(* Let $(b,c)$ be a connected weighted graph over $X$. The following are equivalent: (i) $(b,c)$ is canonically compactifiable; (ii) $\sup_{x,y\in X}\varrho(x,y)<\infty$; (iii) $\sup_{x,y\in X}r(x,y)<\infty$. If $c\equiv0$, these are moreover equivalent to: (iv) $\sup_{x,y\in X}\sigma(x,y)<\infty$ for every pseudometric $\sigma$ on $X$ that is intrinsic with respect to some measure $m$ on $X$ with $m(X)<\infty$.
   Context: Let $X$ be a countably infinite set. A weighted graph $(b,c)$ over $X$ consists of a symmetric $b:X\times X\to[0,\infty)$ with $b(x,x)=0$ and $\sum_{y}b(x,y)<\infty$ for all $x$, and $c:X\to[0,\infty)$. A path is a finite sequence of pairwise distinct vertices with $b(x_{i-1},x_i)>0$; connected means any two distinct vertices are joined by a path. For $f:X\to\mathbb C$ let $\widetilde Q(f)=\frac12\sum_{x,y}b(x,y)|f(x)-f(y)|^2+\sum_x c(x)|f(x)|^2\in[0,\infty]$ and $\widetilde D=\{f:\widetilde Q(f)<\infty\}$. The graph is called canonically compactifiable if $\widetilde D\subseteq\ell^\infty(X)$, i.e. every function of finite energy is bounded. Define $\varrho(x,y)=\sup\{|f(x)-f(y)|:f\in\widetilde D,\ \widetilde Q(f)\le1\}$, and $r(x,x)=0$, $r(x,y)=\sup\{1/\widetilde Q(g):g\in\widetilde D,\ |g(x)-g(y)|=1\}$ for $x\neq y$. A measure on $X$ is $m:X\to[0,\infty)$ with $m(A)=\sum_{x\in A}m(x)$; a pseudometric $\sigma$ is intrinsic with respect to $m$ if $\frac12\sum_y b(x,y)\sigma(x,y)^2\le m(x)$ for all $x$. *)

theory Defs
  imports "HOL-Analysis.Analysis" "HOL-Library.Extended_Nonnegative_Real"
begin

definition weighted_graph :: "('x \<Rightarrow> 'x \<Rightarrow> real) \<Rightarrow> ('x \<Rightarrow> real) \<Rightarrow> bool" where
  "weighted_graph b c \<longleftrightarrow>
     (\<forall>x y. b x y = b y x) \<and> (\<forall>x y. 0 \<le> b x y) \<and> (\<forall>x. b x x = 0) \<and>
     (\<forall>x. (\<lambda>y. b x y) summable_on UNIV) \<and> (\<forall>x. 0 \<le> c x)"

definition is_path :: "('x \<Rightarrow> 'x \<Rightarrow> real) \<Rightarrow> 'x list \<Rightarrow> bool" where
  "is_path b p \<longleftrightarrow> p \<noteq> [] \<and> distinct p \<and>
     (\<forall>i. Suc i < length p \<longrightarrow> b (p ! i) (p ! Suc i) > 0)"

definition graph_connected :: "('x \<Rightarrow> 'x \<Rightarrow> real) \<Rightarrow> bool" where
  "graph_connected b \<longleftrightarrow>
     (\<forall>x y. x \<noteq> y \<longrightarrow> (\<exists>p. is_path b p \<and> hd p = x \<and> last p = y))"

definition Qt :: "('x \<Rightarrow> 'x \<Rightarrow> real) \<Rightarrow> ('x \<Rightarrow> real) \<Rightarrow> ('x \<Rightarrow> complex) \<Rightarrow> ennreal" where
  "Qt b c f = (1/2) * (\<Sum>\<^sub>\<infinity>(x,y)\<in>UNIV. ennreal (b x y * (cmod (f x - f y))\<^sup>2))
              + (\<Sum>\<^sub>\<infinity>x\<in>UNIV. ennreal (c x * (cmod (f x))\<^sup>2))"
lemma eval_word_closed:
  assumes "group G" "word_in n m w" "length h = n" "length g = m"
    "set h \<subseteq> carrier G" "set g \<subseteq> carrier G"
  shows "eval_word G w h g \<in> carrier G"
  using eval_word_in_subgroup[OF group.subgroup_self[OF assms(1)] assms(2-)] .

lemma word_in_filter: "word_in n m w \<Longrightarrow> word_in n m (filter P w)"
  by (auto simp: word_in_def)

lemma eval_word_mult_centralising:
  fixes G (structure)
  assumes G: "group G" and w: "word_in n m w"
    and len: "length h = n" "length x = n" "length g = m"
    and carr: "set h \<subseteq> carrier G" "set x \<subseteq> carrier G" "set g \<subseteq> carrier G"
    and centr: "\<forall>a \<in> set h \<union> set g. set x \<subseteq> centraliser G a"
  shows "eval_word G w (map2 (\<otimes>) h x) g =
         eval_word G w h g \<otimes> eval_word G (filter (isl \<circ> fst) w) x g"
  using w
proof (induction w)
  case Nil
  then show ?case using G by (simp add: group.is_monoid)
next
  case (Cons l w)
  interpret group G by (fact G)
  obtain v e where l: "l = (v, e)" by fastforce
  have w': "word_in n m w" using Cons.prems by (simp add: l word_in_def)
  define E where "E = eval_word G w h g"
  define U where "U = eval_word G (filter (isl \<circ> fst) w) x g"
  have E: "E \<in> carrier G" unfolding E_def
    by (rule eval_word_closed[OF G w' len(1,3) carr(1,3)])
  have U: "U \<in> carrier G" unfolding U_def
    by (rule eval_word_closed[OF G word_in_filter[OF w'] len(2,3) carr(2,3)])
  have IH: "eval_word G w (map2 (\<otimes>) h x) g = E \<otimes> U"
    unfolding E_def U_def by (rule Cons.IH[OF w'])
  show ?case
  proof (cases v)
    case (Inl i)
    have i: "i < n" using Cons.prems by (simp add: l Inl word_in_def)
    define a where "a = h ! i"
    define b where "b = x ! i"
    have a: "a \<in> carrier G" and b: "b \<in> carrier G"
      using i len carr by (auto simp: a_def b_def)
    define a' where "a' = (if e then inv a else a)"
    define b' where "b' = (if e then inv b else b)"
    have a': "a' \<in> carrier G" and b': "b' \<in> carrier G"
      using a b by (auto simp: a'_def b'_def)
    have b'_centr: "b' \<in> centraliser G c" if "c \<in> set h \<union> set g" for c
    proof -
      have c: "c \<in> carrier G" using that carr by auto
      have "b \<in> centraliser G c" using centr that i len(2) nth_mem[of i x] unfolding b_def by blast
      then show ?thesis
        using subgroup.m_inv_closed[OF subgroup_centraliser[OF c]] by (auto simp: b'_def)
    qed
    have ab: "(if e then inv (a \<otimes> b) else a \<otimes> b) = a' \<otimes> b'"
    proof -
      have "a \<in> centraliser G b'"
        using centraliser_sym[OF b' a] b'_centr[of a] i len by (auto simp: a_def)
      then have "a' \<in> centraliser G b'"
        using subgroup.m_inv_closed[OF subgroup_centraliser[OF b']] by (auto simp: a'_def)
      then have "b' \<otimes> a' = a' \<otimes> b'" by (simp add: centraliser_def)
      then show ?thesis using a b by (auto simp: a'_def b'_def inv_mult_group)
    qed
    have "E \<in> centraliser G b'"
      unfolding E_def
      by (rule eval_word_in_subgroup[OF subgroup_centraliser[OF b'] w' len(1,3)])
         (use b'_centr centraliser_sym[OF b'] carr in blast)+
    then have Eb': "E \<otimes> b' = b' \<otimes> E" by (simp add: centraliser_def)
    have "eval_word G (l # w) (map2 (\<otimes>) h x) g = a' \<otimes> b' \<otimes> (E \<otimes> U)"
      using i len ab IH by (simp add: l Inl Let_def flip: a_def b_def)
    also have "\<dots> = a' \<otimes> E \<otimes> (b' \<otimes> U)"
      using a' b' E U Eb' by (metis m_assoc m_closed)
    also have "\<dots> = eval_word G (l # w) h g \<otimes> eval_word G (filter (isl \<circ> fst) (l # w)) x g"
      by (simp add: l Inl Let_def a'_def b'_def a_def b_def E_def U_def)
    finally show ?thesis .
  next
    case (Inr j)
    have "g ! j \<in> carrier G" using Cons.prems len carr by (auto simp: l Inr word_in_def)
    then show ?thesis using IH E U by (simp add: l Inr Let_def m_assoc E_def U_def comp_def)
  qed
qed
(* Let $\mathcal C$ be a linear $[n,k]$ MDS code over $F=\mathrm{GF}(q)$ with $k<n$, and let $L\in\mathbb Z^+$ satisfy $L<\binom{n}{k}$. If $q\ge\binom{n}{k+1}$, then $\mathcal C$ is not $(n-k,L)$-list decodable.
   Context: For $L\in\mathbb Z^+$ and $\tau\in\mathbb Z_{\ge0}$, a code $\mathcal C\subseteq F^n$ is $(\tau,L)$-list decodable if for every $y\in F^n$ at most $L$ codewords of $\mathcal C$ lie at Hamming distance at most $\tau$ from $y$. *)

theory Defs
  imports Main
begin

text \<open>Vectors of F^n are represented as functions nat => F vanishing outside {0..<n}.\<close>

definition vecs :: "nat \<Rightarrow> (nat \<Rightarrow> 'a::zero) set" where
  "vecs n = {x. \<forall>i\<ge>n. x i = 0}"

definition hamming_dist :: "nat \<Rightarrow> (nat \<Rightarrow> 'a) \<Rightarrow> (nat \<Rightarrow> 'a) \<Rightarrow> nat" where
  "hamming_dist n x y = card {i. i < n \<and> x i \<noteq> y i}"

definition encode :: "nat \<Rightarrow> nat \<Rightarrow> (nat \<Rightarrow> nat \<Rightarrow> 'a::comm_ring_1) \<Rightarrow> (nat \<Rightarrow> 'a) \<Rightarrow> (nat \<Rightarrow> 'a)" where
  "encode n k G u = (\<lambda>j. if j < n then (\<Sum>i<k. u i * G i j) else 0)"

text \<open>C is a linear [n,k] code over the field F: the image of F^k under an injective
  linear map given by a generator matrix (i.e. a k-dimensional subspace of F^n).\<close>
definition linear_code :: "nat \<Rightarrow> nat \<Rightarrow> (nat \<Rightarrow> 'a::field) set \<Rightarrow> bool" where
  "linear_code n k C \<longleftrightarrow> (\<exists>G. inj_on (encode n k G) (vecs k) \<and> C = encode n k G ` vecs k)"

definition min_distance :: "nat \<Rightarrow> (nat \<Rightarrow> 'a) set \<Rightarrow> nat" where
  "min_distance n C = Min {hamming_dist n x y | x y. x \<in> C \<and> y \<in> C \<and> x \<noteq> y}"

definition MDS_code :: "nat \<Rightarrow> nat \<Rightarrow> (nat \<Rightarrow> 'a::field) set \<Rightarrow> bool" where
  "MDS_code n k C \<longleftrightarrow> linear_code n k C \<and> min_distance n C = n - k + 1"

definition list_decodable :: "nat \<Rightarrow> (nat \<Rightarrow> 'a::zero) set \<Rightarrow> nat \<Rightarrow> nat \<Rightarrow> bool" where
  "list_decodable n C \<tau> L \<longleftrightarrow>
     (\<forall>y\<in>vecs n. card {c \<in> C. hamming_dist n c y \<le> \<tau>} \<le> L)"

end

theory Submission
  imports Defs "HOL-Library.FuncSet"
begin

text \<open>An MDS code of dimension k is determined by any k coordinates, and since it has
  q^k codewords, every pattern on any k coordinates is realised by a codeword.
  Choose y greedily, one coordinate at a time, so that no codeword agrees with y on
  k+1 coordinates: at coordinate m at most C(m,k) values are forced by codewords agreeing
  with y on k earlier coordinates, and q > C(n-1,k) (Pascal's rule applied to
  q >= C(n,k+1)) leaves a free value. Then the codewords agreeing with y on the C(n,k)
  different k-sets are pairwise distinct and all lie within distance n-k of y.\<close>

lemma restrict_eq_iff: "restrict f A = restrict g A \<longleftrightarrow> (\<forall>x\<in>A. f x = g x)"
  by (metis restrict_apply' restrict_ext)
text \<open>Let \<open>j < k\<close> be the indices other than \<open>i\<close>. The witness is the foliation given by
  \<open>\<omega> = \<iota>\<^sub>R \<iota>\<^sub>X (dx\<^sub>0 \<and> dx\<^sub>1 \<and> dx\<^sub>2)\<close>, with \<open>R\<close> the weighted Euler field and
  \<open>X = X\<^sub>j \<partial>\<^sub>j + X\<^sub>k \<partial>\<^sub>k\<close>, \<open>X\<^sub>j = x\<^bsup>b1\<^esup> + x\<^sub>j x\<^bsup>kap\<^esup>\<close>,
  \<open>X\<^sub>k = x\<^bsup>b2\<^esup> + N x\<^sub>k x\<^bsup>kap\<^esup>\<close>, \<open>N = (\<beta> + 1) n + 1\<close>; the exponents are determined by
  congruences modulo \<open>l\<^sub>i\<close> and are nonnegative once \<open>d\<close> is large enough. If the curve \<open>F = 0\<close>
  is \<open>\<omega>\<close>-invariant, then \<open>x\<^sub>i X(F) = F \<Theta>\<close>. Degree counting confines the monomials of \<open>\<Theta>\<close>
  so much that averaging over the substitutions \<open>x\<^sub>k \<mapsto> \<zeta>\<^sup>r x\<^sub>k\<close>
  (\<open>\<zeta>\<^bsup>\<beta>+1\<^esup> = 1\<close>) leaves a monomial cofactor \<open>C x\<^bsup>kap'\<^esup>\<close> for the product \<open>G\<close> of
  the conjugates of \<open>F\<close>, which has degree below \<open>N\<close>. Ordering the monomials \<open>x\<^bsup>\<rho>\<^esup>\<close> of
  \<open>G\<close> by \<open>\<rho>\<^sub>j + N \<rho>\<^sub>k\<close> makes \<open>x\<^sub>i X(G) = C x\<^bsup>kap'\<^esup> G\<close> a triangular system
  with nonnegative coefficients, so all coefficients of \<open>G\<close> are nonnegative multiples of one of
  them. If \<open>F\<close> passes through \<open>p\<^sub>i\<close>, every monomial of \<open>G\<close> contains \<open>x\<^sub>j\<close> or \<open>x\<^sub>k\<close>, and
  then the lowest monomial of \<open>G\<close> produces a term of \<open>x\<^sub>i X(G)\<close> that nothing can cancel.\<close>

section \<open>Monomials\<close>

lemma expo_add [simp]: "expo t (a + b) = expo t a + expo t b"
  by (simp add: expo_def plus_prod_def)

lemma expo_diff [simp]: "expo t (a - b) = expo t a - expo t b"
  by (simp add: expo_def minus_prod_def)

lemma expo_unitv [simp]: "t \<le> 2 \<Longrightarrow> s \<le> 2 \<Longrightarrow> expo t (unitv s) = (if t = s then 1 else 0)"
  by (auto simp: expo_def unitv_def)

lemma expo_zero [simp]: "expo t 0 = 0"
  by (simp add: expo_def zero_prod_def)

lemma mono_eqI:
  assumes "\<And>t. t \<le> 2 \<Longrightarrow> expo t a = expo t b"
  shows "a = (b :: mono)"
  using assms[of 0] assms[of 1] assms[of 2] by (cases a; cases b) (auto simp: expo_def)

definition mono_of :: "(nat \<Rightarrow> nat) \<Rightarrow> mono" where
  "mono_of g = (g 0, g 1, g 2)"

lemma expo_mono_of [simp]: "t \<le> 2 \<Longrightarrow> expo t (mono_of g) = g t"
  by (auto simp: expo_def mono_of_def le_Suc_eq numeral_2_eq_2)

lemma diff_unitv_eq_iff:
  assumes "t \<le> 2" and "expo t a \<noteq> 0"
  shows "a - unitv t = \<mu> \<longleftrightarrow> a = \<mu> + unitv t"
proof
  assume "a - unitv t = \<mu>"
  then show "a = \<mu> + unitv t"
    using assms by (intro mono_eqI) (auto dest!: arg_cong[where f = "expo _"] split: if_splits)
qed (use assms in simp)

lemma diff_unitv_add:
  "t \<le> 2 \<Longrightarrow> expo t a \<noteq> 0 \<Longrightarrow> a - unitv t + b = a + b - unitv t"
  by (rule mono_eqI) simp

lemma wdeg_add: "wdeg l (a + b) = wdeg l a + wdeg l b"
  by (simp add: wdeg_def algebra_simps)

lemma wdeg_unitv: "t \<le> 2 \<Longrightarrow> wdeg l (unitv t) = expo t l"
  by (auto simp: wdeg_def unitv_def expo_def)

lemma expo_triple [simp]:
  "expo 0 (a, b, c) = a" "expo 1 (a, b, c) = b" "expo (Suc 0) (a, b, c) = b" "expo 2 (a, b, c) = c"
  by (simp_all add: expo_def)

text \<open>With the lexicographic order, exponent vectors form an ordered cancellative monoid, which
  makes \<open>cpoly\<close> an integral domain by the instance in \<open>Poly_Mapping\<close>.\<close>

instance prod :: ("{ordered_cancel_comm_monoid_add, linorder}", "{ordered_cancel_comm_monoid_add, linorder}")
  ordered_cancel_comm_monoid_add
proof
  fix a b c :: "'a \<times> 'b"
  assume "a \<le> b"
  then show "c + a \<le> c + b"
    unfolding less_eq_prod_def by (auto simp: add_strict_left_mono add_left_mono)
qed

-- -- --

_Exercise requirements_
Scan the lines above for "different k-sets are" and for "by (metis restrict_apply' restrict_ext)". Repeat exactly the line holding each of them and every line in between.

_Problem solution_
  different k-sets are pairwise distinct and all lie within distance n-k of y.\<close>

lemma restrict_eq_iff: "restrict f A = restrict g A \<longleftrightarrow> (\<forall>x\<in>A. f x = g x)"
  by (metis restrict_apply' restrict_ext)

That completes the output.